2. ‘Rich Flex’ by Drake & 21 Savage - and this is the last one, the one that is actually getting a radio push - and what do you know, it sucks too! I know some people are trying to make the ‘21 can you do something for me’ as a faintly ironic TikTok meme, but there’s no menace to setting it up after Young Nudy’s intro and the distorted sample - instead you get this watery, faux-gothic warble as the leaden percussion slides in that doesn’t sell me on atmosphere at all. Of course what 21 actually delivers is an interpolation of Megan Thee Stallion’s ‘Savage’ along with the second reference to not having sex with a girl on her period, instead wanting blowjobs, and then a clunky beat switch into Drake with some truly abysmal offkey rapping to open his verse. And said verse is mostly fine - a few of the acronyms are clever, the gang and number references are decent - but the line that killed the verse for me was ‘I’m steady pushin p, you pushing PTSD’. So not only are you sticking to a bad meme from Gunna that was dead at least six months ago, and flipping on the best song from your partner on this album, you’re once again exposing how much of a hypocritical privileged rapper you are in the scene today. I’ve spoken at length in this series how the violence and psychological trauma those kids have to live in their rhymes, even if I don’t like the music I can empathize for the escape they seek; this is scornfully deriding that while all over this album perpetuating the same brand of violence; fuck off with that shit.
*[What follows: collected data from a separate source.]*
lemma stepmap_linear: "(s, t) \<in> r \<Longrightarrow> linear_on (cell X s) (cell X t) (stepmap X M s t)"
proof -
  assume st: "(s, t) \<in> r"
  from rgraph_deg[OF st] consider "deg X t = deg X s - 1" "(t, s) \<notin> M" | "(t, s) \<in> M" by blast
  then show ?thesis
  proof cases
    case 1
    then have s: "s \<in> idx X (deg X s)" and t: "t \<in> idx X (deg X s - 1)"
      using rgraph_deg[OF st] by auto
    have "stepmap X M s t = dent X t s" using 1 unfolding stepmap_def by simp
    then show ?thesis using dent_linear[OF s t] by simp
  next
    case 2
    have sm: "stepmap X M s t = (\<lambda>x. - inv_into (cell X t) (dent X s t) x)"
      unfolding stepmap_def using 2 by simp
    have tl: "linear_on (cell X t) (cell X s) (dent X s t)"
      using dent_linear matched_deg[OF 2] by blast
    have "linear_on (cell X s) (cell X t) (inv_into (cell X t) (dent X s t))"
      by (rule linear_on_inv_into[OF _ tl matched_bij[OF 2]])
        (use cell_subspace matched_deg[OF 2] in blast)
    then show ?thesis unfolding sm
      by (rule linear_on_uminus[rotated]) (use cell_subspace matched_deg[OF 2] in blast)
  qed
qed

lemma pathmap_linear_aux:
  "p \<noteq> [] \<Longrightarrow> (\<forall>i. Suc i < length p \<longrightarrow> (p ! i, p ! Suc i) \<in> r) \<Longrightarrow>
   linear_on (cell X (hd p)) (cell X (last p)) (pathmap X M p)"
proof (induction p)
  case Nil then show ?case by simp
next
  case (Cons s q)
  show ?case
  proof (cases q)
    case Nil then show ?thesis by (simp add: linear_on_def)
  next
    case (Cons t q')
    have st: "(s, t) \<in> r" using Cons.prems(2) Cons by force
    have ch: "\<forall>i. Suc i < length q \<longrightarrow> (q ! i, q ! Suc i) \<in> r"
      using Cons.prems(2) by force
    have ih: "linear_on (cell X t) (cell X (last q)) (pathmap X M q)" using Cons.IH ch Cons by simp
    have e1: "pathmap X M (s # q) = pathmap X M q \<circ> stepmap X M s t" using Cons by simp
    have e2: "last (s # q) = last q" using Cons by simp
    show ?thesis unfolding e1 e2 list.sel(1) by (rule linear_on_comp[OF stepmap_linear[OF st] ih])
  qed
qed

lemma pathmap_linear: "p \<in> paths X M a b \<Longrightarrow> linear_on (cell X a) (cell X b) (pathmap X M p)"
  using pathmap_linear_aux unfolding paths_def by blast

lemma Gamma_linear: "b \<in> idx X m \<Longrightarrow> linear_on (cell X a) (cell X b) (Gamma X M b a)"
  unfolding Gamma_def by (intro linear_on_sum_fun[OF cell_subspace] pathmap_linear)

lemma Gamma_in_cell: "b \<in> idx X m \<Longrightarrow> x \<in> cell X a \<Longrightarrow> Gamma X M b a x \<in> cell X b"
  using Gamma_linear linear_on_mem by blast

lemma stepmap_0: "(p, t) \<in> r \<Longrightarrow> stepmap X M p t 0 = 0"
proof -
  assume pt: "(p, t) \<in> r"
  have "subspace (cell X p)" using rgraph_deg[OF pt] cell_subspace by blast
  then show ?thesis using linear_on_0 stepmap_linear[OF pt] by blast
qed

lemma Gamma_0: "Gamma X M b a 0 = 0"
  unfolding Gamma_def
proof (rule sum.neutral, rule ballI)
  fix p assume p: "p \<in> paths X M a b"
  show "pathmap X M p 0 = 0"
  proof (cases "b = a")
    case True
    then have "p = [a]" using p paths_refl by blast
    then show ?thesis by simp
  next
    case False
    then have "(a, b) \<in> r\<^sup>+" using paths_reach[OF p] by (auto simp: rtrancl_eq_or_trancl)
    then obtain c where "(a, c) \<in> r" by (auto dest: tranclD)
    then have a: "a \<in> idx X (deg X a)" using rgraph_deg by blast
    show ?thesis by (rule linear_on_0[OF cell_subspace[OF a] pathmap_linear[OF p]])
  qed
qed
(* For variables $a,b,\alpha,\beta$, any natural number $n\ge1$ and any admissible $r$ ($0\le r\le\lfloor n/2\rfloor$ for $\Psi$, $0\le r\le\lfloor (n-1)/2\rfloor$ for $\Phi$), \[ \Psi\left(\begin{array}{cc|c} a & b & n \\ \alpha & \beta & r \end{array}\right)=\frac{(-1)^r}{r!}\Big(\alpha\frac{\partial}{\partial a}+\beta\frac{\partial}{\partial b}\Big)^r\Psi(a,b,n)=\frac{(-1)^r}{(\lfloor n/2\rfloor-r)!}\Big(a\frac{\partial}{\partial \alpha}+b\frac{\partial}{\partial \beta}\Big)^{\lfloor n/2\rfloor-r}\Psi(\alpha,\beta,n), \] \[ \Phi\left(\begin{array}{cc|c} a & b & n \\ \alpha & \beta & r \end{array}\right)=\frac{(-1)^r}{r!}\Big(\alpha\frac{\partial}{\partial a}+\beta\frac{\partial}{\partial b}\Big)^r\Phi(a,b,n)=\frac{(-1)^r}{(\lfloor (n-1)/2\rfloor-r)!}\Big(a\frac{\partial}{\partial \alpha}+b\frac{\partial}{\partial \beta}\Big)^{\lfloor (n-1)/2\rfloor-r}\Phi(\alpha,\beta,n). \]
   Context: $\delta(m)=1$ for $m$ odd, $0$ for $m$ even; $\lfloor\cdot\rfloor$ is the floor. $\Psi(a,b,n)$, $\Phi(a,b,n)$ are the polynomials in $a,b$ defined by $\Psi(a,b,0)=2$, $\Psi(a,b,1)=1$, $\Psi(a,b,n+1)=(2a-b)^{\delta(n)}\Psi(a,b,n)-a\Psi(a,b,n-1)$ and $\Phi(a,b,0)=0$, $\Phi(a,b,1)=1$, $\Phi(a,b,n+1)=(2a-b)^{\delta(n+1)}\Phi(a,b,n)-a\Phi(a,b,n-1)$. For indeterminates $a,b,\alpha,\beta$ and $n\ge1$, $\Psi\left(\begin{array}{cc|c} a & b & n \\ \alpha & \beta & r \end{array}\right)$ and $\Phi\left(\begin{array}{cc|c} a & b & n \\ \alpha & \beta & r \end{array}\right)$ are the unique polynomials in $\mathbb{Z}[a,b,\alpha,\beta]$ such that, identically in $x,y$, $(\beta a-\alpha b)^{\lfloor n/2\rfloor}\frac{x^n+y^n}{(x+y)^{\delta(n)}}=\sum_{r=0}^{\lfloor n/2\rfloor}\Psi\left(\begin{array}{cc|c} a & b & n \\ \alpha & \beta & r \end{array}\right)(\alpha x^2+\beta xy+\alpha y^2)^{\lfloor n/2\rfloor-r}(ax^2+bxy+ay^2)^r$ and $(\beta a-\alpha b)^{\lfloor (n-1)/2\rfloor}\frac{x^n-y^n}{(x-y)(x+y)^{\delta(n-1)}}=\sum_{r=0}^{\lfloor (n-1)/2\rfloor}\Phi\left(\begin{array}{cc|c} a & b & n \\ \alpha & \beta & r \end{array}\right)(\alpha x^2+\beta xy+\alpha y^2)^{\lfloor (n-1)/2\rfloor-r}(ax^2+bxy+ay^2)^r$. *)

theory Defs
  imports "HOL-Computational_Algebra.Polynomial"
begin

text \<open>Polynomials in Z[a,b,alpha,beta] are represented as nested univariate
polynomials: the outermost variable is beta, then alpha, then b, innermost a.\<close>

type_synonym mp4 = "int poly poly poly poly"

definition Xbeta :: mp4 where "Xbeta = [:0, 1:]"
definition Xalpha :: mp4 where "Xalpha = [:[:0, 1:]:]"
definition Xb :: mp4 where "Xb = [:[:[:0, 1:]:]:]"
definition Xa :: mp4 where "Xa = [:[:[:[:0, 1:]:]:]:]"

definition Dbeta :: "mp4 \<Rightarrow> mp4" where "Dbeta p = pderiv p"
definition Dalpha :: "mp4 \<Rightarrow> mp4" where "Dalpha p = map_poly pderiv p"
definition Db :: "mp4 \<Rightarrow> mp4" where "Db p = map_poly (map_poly pderiv) p"
definition Da :: "mp4 \<Rightarrow> mp4" where "Da p = map_poly (map_poly (map_poly pderiv)) p"

definition L1 :: "mp4 \<Rightarrow> mp4" where "L1 p = Xalpha * Da p + Xbeta * Db p"
definition L2 :: "mp4 \<Rightarrow> mp4" where "L2 p = Xa * Dalpha p + Xb * Dbeta p"
lemma sum_mbinom_times_lookup:
  fixes F :: "mono \<Rightarrow> 'a::comm_semiring_1"
  assumes j: "0 < lookup \<nu> j"
  shows "(\<Sum>\<beta>\<in>subs \<nu>. of_nat (mbinom \<nu> \<beta>) * (of_nat (lookup \<beta> j) * F \<beta>))
       = of_nat (lookup \<nu> j) * (\<Sum>\<beta>\<in>subs (\<nu> - var j). of_nat (mbinom (\<nu> - var j) \<beta>) * F (\<beta> + var j))"
proof -
  let ?T = "subs \<nu>"
  let ?I = "(\<lambda>\<beta>. \<beta> + var j) ` subs (\<nu> - var j)"
  define g where
    "g \<beta> = of_nat (if 0 < lookup \<beta> j then lookup \<nu> j * mchoose (\<nu> - var j) (\<beta> - var j) else 0) * F \<beta>"
    for \<beta>
  have sub: "?I \<subseteq> ?T" using subs_add_var[of "\<nu> - var j" j] diff_var_add_var[OF j] by auto
  have "(\<Sum>\<beta>\<in>?T. of_nat (mbinom \<nu> \<beta>) * (of_nat (lookup \<beta> j) * F \<beta>))
      = (\<Sum>\<beta>\<in>?T. of_nat (mchoose \<nu> \<beta>) * (of_nat (lookup \<beta> j) * F \<beta>))"
    by (rule sum_mbinom_eq_sum_mchoose) auto
  also have "\<dots> = (\<Sum>\<beta>\<in>?T. g \<beta>)"
  proof (rule sum.cong)
    fix \<beta>
    show "of_nat (mchoose \<nu> \<beta>) * (of_nat (lookup \<beta> j) * F \<beta>) = g \<beta>"
    proof (cases "0 < lookup \<beta> j")
      case True
      have "of_nat (mchoose \<nu> \<beta>) * (of_nat (lookup \<beta> j) * F \<beta>) = of_nat (mchoose \<nu> \<beta> * lookup \<beta> j) * F \<beta>"
        by (simp add: mult.assoc)
      then show ?thesis unfolding mchoose_absorb[OF True] g_def using True by simp
    qed (simp add: g_def)
  qed simp
  also have "\<dots> = (\<Sum>\<beta>\<in>?I. g \<beta>)"
  proof (rule sum.mono_neutral_right)
    show "\<forall>\<beta>\<in>?T - ?I. g \<beta> = 0"
    proof
      fix \<beta> assume b: "\<beta> \<in> ?T - ?I"
      show "g \<beta> = 0"
      proof (cases "0 < lookup \<beta> j")
        case True
        then have "\<beta> = (\<beta> - var j) + var j" by (simp add: diff_var_add_var)
        then have "\<beta> - var j \<notin> subs (\<nu> - var j)" using b by (metis DiffD2 image_eqI)
        then show ?thesis by (simp add: g_def mchoose_eq_0)
      qed (simp add: g_def)
    qed
  qed (use sub in auto)
  also have "\<dots> = (\<Sum>\<beta>\<in>subs (\<nu> - var j). g (\<beta> + var j))"
    by (rule sum.reindex_cong[where l="\<lambda>\<beta>. \<beta> + var j"]) (auto simp: inj_on_def)
  also have "\<dots> = (\<Sum>\<beta>\<in>subs (\<nu> - var j).
      of_nat (lookup \<nu> j) * (of_nat (mbinom (\<nu> - var j) \<beta>) * F (\<beta> + var j)))"
    by (rule sum.cong) (auto simp: g_def mchoose_eq_mbinom mult.assoc)
  finally show ?thesis by (simp add: sum_distrib_left)
qed

lemma sum_mbinom_times_lookup_complement:
  fixes F :: "mono \<Rightarrow> 'a::comm_semiring_1"
  assumes j: "0 < lookup \<nu> j"
  shows "(\<Sum>\<beta>\<in>subs \<nu>. of_nat (mbinom \<nu> \<beta>) * (of_nat (lookup \<nu> j - lookup \<beta> j) * F \<beta>))
       = of_nat (lookup \<nu> j) * (\<Sum>\<beta>\<in>subs (\<nu> - var j). of_nat (mbinom (\<nu> - var j) \<beta>) * F \<beta>)"
proof -
  have sub: "subs (\<nu> - var j) \<subseteq> subs \<nu>"
    by (auto simp: subs_iff) (meson diff_le_self order_trans)
  have "(\<Sum>\<beta>\<in>subs \<nu>. of_nat (mbinom \<nu> \<beta>) * (of_nat (lookup \<nu> j - lookup \<beta> j) * F \<beta>))
      = (\<Sum>\<beta>\<in>subs \<nu>. of_nat (mchoose \<nu> \<beta> * (lookup \<nu> j - lookup \<beta> j)) * F \<beta>)"
    by (subst sum_mbinom_eq_sum_mchoose[where T = "subs \<nu>"]) (auto simp: mult.assoc)
  also have "\<dots> = of_nat (lookup \<nu> j) * (\<Sum>\<beta>\<in>subs \<nu>. of_nat (mchoose (\<nu> - var j) \<beta>) * F \<beta>)"
    unfolding mchoose_absorb_complement[OF j] by (simp add: sum_distrib_left mult.assoc)
  also have "(\<Sum>\<beta>\<in>subs \<nu>. of_nat (mchoose (\<nu> - var j) \<beta>) * F \<beta>)
      = (\<Sum>\<beta>\<in>subs (\<nu> - var j). of_nat (mbinom (\<nu> - var j) \<beta>) * F \<beta>)"
    by (rule sum_mbinom_eq_sum_mchoose[symmetric]) (use sub in auto)
  finally show ?thesis .
qed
And yeah, Drake and 21 are absolutely getting the worst of this week: I’m thinking ‘Circo Loco’ for the worst spot, with Dishonourable Mention as a tie between ‘Rich Flex’ and ‘BackOutsideBoyz’ with just Drake. Best of the week… I’m giving it to 21 Savage for ‘3AM In Glenwood’ - it’s got problems, but it’s at least decent, with Honourable Mention to ‘My Mind & Me’ by Selena Gomez, which is nowhere near as bad as some have made it out to be, especially this week. It can only get better going forward, right?